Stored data
(* Let $D$ be a small category, $\mathcal F$ a collection of $D$-orbits, and $X$ a $D$-space admitting a (non-relative) $D$-CW structure of type $\mathcal F$. Then $X$ is a $D$-space of type $\mathcal F$.
   Context: A $D$-space is a functor $D\to\mathrm{Top}$; a $D$-orbit is a $D$-space whose colimit is a point. Topological spaces are regarded as constant $D$-spaces. A relative $D$-CW structure of type $\mathcal F$ on $X$ is a sequence $X^{-1}\hookrightarrow X^0\hookrightarrow X^1\hookrightarrow\cdots\hookrightarrow X$ with $X=\operatorname{colim}_i X^i$, such that for each $i\ge 0$, $X^i$ is the pushout of $X^{i-1}\leftarrow S^{i-1}\times A_i\hookrightarrow D^i\times A_i$, where each $A_i$ is a disjoint union of $D$-orbits in $\mathcal F$ (and $S^{-1}=\emptyset$). It is a (non-relative) $D$-CW structure if $X^{-1}$ is the constant empty $D$-space. For $x$ a point of $\operatorname{colim}_D X$, the orbit $O_x$ is the pullback of $X\to\operatorname{colim}_D X$ (constant $D$-space) along $\{x\}\hookrightarrow \operatorname{colim}_D X$. $X$ is of type $\mathcal F$ if $O_x\in\mathcal F$ for every $x\in\operatorname{colim}_D X$ (orbits being considered up to isomorphism). *)

theory Defs
  imports "HOL-Analysis.Analysis"
begin

record ('o, 'm) cat =
  Ob :: "'o set"
  Ar :: "'m set"
  cdom :: "'m \<Rightarrow> 'o"
  ccod :: "'m \<Rightarrow> 'o"
  ccomp :: "'m \<Rightarrow> 'm \<Rightarrow> 'm"   (* ccomp g f = g o f *)
  cid :: "'o \<Rightarrow> 'm"

definition is_category :: "('o, 'm) cat \<Rightarrow> bool" where
  "is_category C \<longleftrightarrow>
     (\<forall>f\<in>Ar C. cdom C f \<in> Ob C \<and> ccod C f \<in> Ob C) \<and>
     (\<forall>a\<in>Ob C. cid C a \<in> Ar C \<and> cdom C (cid C a) = a \<and> ccod C (cid C a) = a) \<and>
     (\<forall>f\<in>Ar C. \<forall>g\<in>Ar C. ccod C f = cdom C g \<longrightarrow>
        ccomp C g f \<in> Ar C \<and> cdom C (ccomp C g f) = cdom C f \<and> ccod C (ccomp C g f) = ccod C g) \<and>
     (\<forall>f\<in>Ar C. ccomp C (cid C (ccod C f)) f = f \<and> ccomp C f (cid C (cdom C f)) = f) \<and>
     (\<forall>f\<in>Ar C. \<forall>g\<in>Ar C. \<forall>h\<in>Ar C. ccod C f = cdom C g \<longrightarrow> ccod C g = cdom C h \<longrightarrow>
        ccomp C h (ccomp C g f) = ccomp C (ccomp C h g) f)"

record ('o, 'm, 'a) dsp =
  Sp :: "'o \<Rightarrow> 'a topology"
  Mp :: "'m \<Rightarrow> 'a \<Rightarrow> 'a"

Problem to solve: Pick out each line above that includes "longrightarrow" and show it.

Solution for this exercise:
     (\<forall>f\<in>Ar C. \<forall>g\<in>Ar C. ccod C f = cdom C g \<longrightarrow>
     (\<forall>f\<in>Ar C. \<forall>g\<in>Ar C. \<forall>h\<in>Ar C. ccod C f = cdom C g \<longrightarrow> ccod C g = cdom C h \<longrightarrow>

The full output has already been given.